Thursday, December 01, 2005

Turkey Pardoning Time

Fellow fans of the wonderful West Wing (that's what www stands for, right?) may remember a very funny scene in an early episode in which President Martin Sheen "pardons" a turkey from making a Thanksgiving sacrifice in a little ceremony at the White House. How we laughed at the silly and inventive script-writing! How on earth did they think that one up?, we wondered.

Well. Imagine the surprise in our house when preparations for our first Thanksgiving last week were interrupted by the news that turkey pardoning is not a script-writer's wheeze, but an actual tradition of actual Presidents.

In fact, on Tuesday 22 November - two days before Thanksgiving - President Bush and Vice President Cheney held a ceremony on a stage in the Eisenhower Executive Office Building, next door to the White House. They were joined by a gaggle of journalists, a class of visiting schoolchildren, and the chairman of the National Turkey Federation. In that esteemed company, the President pardoned a turkey named Marshmallow. How precisely he did so was not clear, although one imagines that the moment was mysterious and rather spiritual. An understudy turkey, named Yam, waiting in a van outside, was also pardoned, demonstrating that the President has long-distance pardoning powers.

However, as is so often the case regarding serious political matters such as this, controversy was not far behind. Pardoned turkeys have traditionally been sent off to somewhere called Frying Pan Park in Herndon, Virginia, where they have apparently tended not to last all that long, vis a vis this mortal coil. This year, the President announced that Marshallow and Yam did not fancy moving to Frying Pan Park; this was understandable, perhaps, but how he had established it was not entirely clear.

As an alternative, the two turkeys were sent - first class on United Airlines - to spend the rest of their days at Disneyland in California, where they took the roles of grand marshals in the Thanksgiving Day parade, before being moved to their new permanent home: an enclosure in Frontierland, near the entrance to Santa's Reindeer Roundup.

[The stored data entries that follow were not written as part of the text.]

lemma energy_increment_le:
  assumes hn: "hn \<in> trig_poly" and hs: "hs \<in> trig_poly"
    and "\<And>x. norm (grad hn x) ^ 2 \<le> M" "\<And>x. norm (grad hs x) ^ 2 \<le> M"
  defines "d \<equiv> \<lambda>x. hs x - hn x"
  shows "energy \<nu> hs - energy \<nu> hn
    \<le> tint (\<lambda>x. gnl (grad hn x) \<bullet> grad d x) + \<nu> * tint (\<lambda>x. lap hs x * lap d x)
      - \<nu> / 2 * tint (\<lambda>x. lap d x * lap d x) + (3/2 * M - 1/2) * grad_L2sq d"
proof -
  have d: "d \<in> trig_poly" unfolding d_def using hs hn by (rule trig_poly_diff)
  define e where "e f x = \<nu> / 2 * (lap f x)\<^sup>2 + Gpot (grad f x)" for f x
  have e: "e f \<in> trig_poly" if "f \<in> trig_poly" for f
    unfolding e_def using that
    by (intro trig_poly.add trig_poly_cmult trig_poly_power lap_trig_poly Gpot_grad_trig_poly)
  define \<Psi> where "\<Psi> x = 1 * (gnl (grad hn x) \<bullet> grad d x) + \<nu> * (lap hs x * lap d x)
    + (- \<nu> / 2) * (lap d x * lap d x) + (3/2 * M - 1/2) * (grad d x \<bullet> grad d x)" for x
  have pointwise: "e hs x - e hn x \<le> \<Psi> x" for x
  proof -
    have "Gpot (grad hs x) - Gpot (grad hn x) \<le> gnl (grad hn x) \<bullet> grad d x + (3/2 * M - 1/2) * (grad d x \<bullet> grad d x)"
      using quartic_potential_increment_le[OF assms(3,4)] grad_diff[OF hs hn]
      by (simp add: Gpot_def gnl_def d_def power2_norm_eq_inner)
    moreover have "\<nu> / 2 * (lap hs x)\<^sup>2 - \<nu> / 2 * (lap hn x)\<^sup>2
        = \<nu> * (lap hs x * lap d x) + (- \<nu> / 2) * (lap d x * lap d x)"
      unfolding d_def lap_diff[OF hs hn] by (simp add: algebra_simps power2_eq_square)
    ultimately show ?thesis unfolding e_def \<Psi>_def by linarith
  qed
  have "energy \<nu> hs - energy \<nu> hn = tint (\<lambda>x. e hs x - e hn x)"
    unfolding energy_eq_tint[OF hs] energy_eq_tint[OF hn] e_def[symmetric]
    using e hs hn by (intro tint_diff[symmetric])
  also have "\<dots> \<le> tint \<Psi>"
    unfolding \<Psi>_def using e hs hn d pointwise[unfolded \<Psi>_def]
    by (intro tint_mono trig_poly_diff trig_poly.add trig_poly_cmult trig_poly.mult inner_trig_poly
        grad_trig_field gnl_grad_trig_field lap_trig_poly)
  also have "tint \<Psi> = tint (\<lambda>x. gnl (grad hn x) \<bullet> grad d x) + \<nu> * tint (\<lambda>x. lap hs x * lap d x)
      - \<nu> / 2 * tint (\<lambda>x. lap d x * lap d x) + (3/2 * M - 1/2) * grad_L2sq d"
    unfolding \<Psi>_def grad_L2sq_eq_tint_inner using hn hs d
    by (subst tint_linear4) (auto intro!: trig_poly.mult inner_trig_poly grad_trig_field
        gnl_grad_trig_field lap_trig_poly)
  finally show ?thesis .
qed

lemma scheme_tested_with_increment:
  assumes hn: "hn \<in> XN N" and hs: "hs \<in> XN N"
    and scheme: "\<And>x. (hs x - hn x) / \<tau> = - \<nu> * lap (lap hs) x + A * lap (\<lambda>y. hs y - hn y) x
      + PiN N (dvg (\<lambda>y. gnl (grad hn y))) x"
  defines "d \<equiv> \<lambda>x. hs x - hn x"
  shows "tint (\<lambda>x. d x * d x) / \<tau> = - \<nu> * tint (\<lambda>x. lap hs x * lap d x) - A * grad_L2sq d
    - tint (\<lambda>x. gnl (grad hn x) \<bullet> grad d x)"
proof -
  have XT: "XN N \<subseteq> trig_poly" by (rule proj_subspaceD(1)[OF proj_subspace_XN])
  have dX: "d \<in> XN N" unfolding d_def using hs hn by (rule proj_subspace_diff[OF proj_subspace_XN])
  then have T: "hn \<in> trig_poly" "hs \<in> trig_poly" "d \<in> trig_poly" using hn hs XT by auto
  define F where "F = dvg (\<lambda>y. gnl (grad hn y))"
  have F: "(\<lambda>y. gnl (grad hn y)) \<in> trig_field" "F \<in> trig_poly"
    unfolding F_def using T by (auto intro: gnl_grad_trig_field dvg_trig_poly)
  have PiN: "PiN N F \<in> trig_poly"
    using orth_proj_PiN[OF F(2)] XT unfolding orth_proj_def by blast
  have pointwise: "(1 / \<tau>) * (d x * d x)
      = (- \<nu>) * (lap (lap hs) x * d x) + A * (lap d x * d x) + 1 * (PiN N F x * d x)" for x
  proof -
    have "(1 / \<tau>) * (d x * d x) = (d x / \<tau>) * d x" by simp
    also have "\<dots> = (- \<nu> * lap (lap hs) x + A * lap d x + PiN N F x) * d x"
      using scheme unfolding d_def F_def by simp
    finally show ?thesis by (simp add: algebra_simps)
  qed
  have "tint (\<lambda>x. d x * d x) / \<tau>
      = tint (\<lambda>x. (- \<nu>) * (lap (lap hs) x * d x) + A * (lap d x * d x) + 1 * (PiN N F x * d x))"
    unfolding pointwise[symmetric] tint_cmult by simp
  also have "\<dots> = - \<nu> * tint (\<lambda>x. lap (lap hs) x * d x) + A * tint (\<lambda>x. lap d x * d x)
      + tint (\<lambda>x. PiN N F x * d x)"
    using T PiN by (subst tint_linear3) (auto intro: trig_poly.mult lap_trig_poly)
  also have "tint (\<lambda>x. lap (lap hs) x * d x) = tint (\<lambda>x. lap hs x * lap d x)"
    using T by (intro tint_lap_mult_commute lap_trig_poly)
  also have "tint (\<lambda>x. lap d x * d x) = - grad_L2sq d"
    unfolding grad_L2sq_eq_tint_inner using T by (intro tint_lap_mult)
  also have "tint (\<lambda>x. PiN N F x * d x) = - tint (\<lambda>x. gnl (grad hn x) \<bullet> grad d x)"
    using tint_PiN_mult[OF F(2) dX] tint_dvg_mult[OF F(1) T(3)] unfolding F_def by simp
  finally show ?thesis by simp
qed

lemma tint_increment_cross_term:
  assumes "0 < \<tau>" "0 \<le> \<nu>" and d: "d \<in> trig_poly"
  shows "sqrt (2 * \<nu> / \<tau>) * grad_L2sq d
    \<le> tint (\<lambda>x. d x * d x) / \<tau> + \<nu> / 2 * tint (\<lambda>x. lap d x * lap d x)"
proof -
  define s where "s = sqrt (2 * \<nu> / \<tau>)"
  have "s = sqrt (2\<^sup>2 * (1 / \<tau> * (\<nu> / 2)))"
    unfolding s_def by (rule arg_cong[where f=sqrt]) simp
  then have s: "2 * sqrt (1 / \<tau> * (\<nu> / 2)) = s"
    by (simp only: real_sqrt_mult real_sqrt_abs abs_numeral)
  have "tint (\<lambda>x. 0) \<le> tint (\<lambda>x. (1 / \<tau>) * (d x * d x) + \<nu> / 2 * (lap d x * lap d x) + s * (lap d x * d x))"
  proof (rule tint_mono)
    fix x
    show "0 \<le> (1 / \<tau>) * (d x * d x) + \<nu> / 2 * (lap d x * lap d x) + s * (lap d x * d x)"
      using sqrt_cross_term_nonneg[of "1 / \<tau>" "\<nu> / 2" "d x" "lap d x"] assms(1,2)
      unfolding s by (simp add: power2_eq_square mult.commute)
  qed (intro trig_poly.add trig_poly_cmult trig_poly.mult lap_trig_poly trig_poly.const d)+
  also have "\<dots> = tint (\<lambda>x. d x * d x) / \<tau> + \<nu> / 2 * tint (\<lambda>x. lap d x * lap d x) - s * grad_L2sq d"
    using d tint_lap_mult[OF lap_trig_poly[OF d] d] tint_lap_mult[OF d d]
    by (subst tint_linear3) (auto intro: trig_poly.mult lap_trig_poly simp: grad_L2sq_eq_tint_inner)
  finally show ?thesis unfolding s_def by (simp add: tint_def)
qed

lemma energy_step_estimate:
  assumes "0 < \<nu>" "0 < \<tau>" and hn: "hn \<in> XN N" and hs: "hs \<in> XN N"
    and scheme: "\<And>x. (hs x - hn x) / \<tau> = - \<nu> * lap (lap hs) x + A * lap (\<lambda>y. hs y - hn y) x
      + PiN N (dvg (\<lambda>y. gnl (grad hn y))) x"
  shows "energy \<nu> hs - energy \<nu> hn + (A + 1/2 + sqrt (2 * \<nu> / \<tau>)) * grad_L2sq (\<lambda>x. hs x - hn x)
    \<le> grad_L2sq (\<lambda>x. hs x - hn x) * (3/2) * max ((grad_Linf hn)\<^sup>2) ((grad_Linf hs)\<^sup>2)"
proof -
  define d where "d = (\<lambda>x. hs x - hn x)"
  define M where "M = max ((grad_Linf hn)\<^sup>2) ((grad_Linf hs)\<^sup>2)"
  have XT: "XN N \<subseteq> trig_poly" by (rule proj_subspaceD(1)[OF proj_subspace_XN])
  have T: "hn \<in> trig_poly" "hs \<in> trig_poly" "d \<in> trig_poly"
    using hn hs XT unfolding d_def by (auto intro: trig_poly_diff)
  have "norm (grad f x) ^ 2 \<le> M" if "f \<in> {hn, hs}" for f x
    using power_mono[OF norm_grad_le_grad_Linf norm_ge_zero, of f x 2] that T
    unfolding M_def by auto
  then have "energy \<nu> hs - energy \<nu> hn
      \<le> tint (\<lambda>x. gnl (grad hn x) \<bullet> grad d x) + \<nu> * tint (\<lambda>x. lap hs x * lap d x)
        - \<nu> / 2 * tint (\<lambda>x. lap d x * lap d x) + (3/2 * M - 1/2) * grad_L2sq d"
    unfolding d_def using T by (intro energy_increment_le) auto
  moreover have "tint (\<lambda>x. d x * d x) / \<tau> = - \<nu> * tint (\<lambda>x. lap hs x * lap d x)
      - A * grad_L2sq d - tint (\<lambda>x. gnl (grad hn x) \<bullet> grad d x)"
    unfolding d_def using hn hs scheme by (rule scheme_tested_with_increment)
  moreover have "sqrt (2 * \<nu> / \<tau>) * grad_L2sq d
      \<le> tint (\<lambda>x. d x * d x) / \<tau> + \<nu> / 2 * tint (\<lambda>x. lap d x * lap d x)"
    using assms(1,2) T(3) by (intro tint_increment_cross_term) auto
  ultimately show ?thesis
    unfolding d_def[symmetric] M_def[symmetric] by (simp add: algebra_simps)
qed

PETA (People for the Ethical Treatment of Animals) said that previously pardoned turkeys had been badly treated at Frying Pan Park, where they looked "lonely and neglected", and sought to take some credit for the move to Disneyland. The National Turkey Federation were keen to point out that PETA had had no influence on the switch and suggested that if members of PETA believed otherwise they were "absolutely delusionsal". Oh, politics!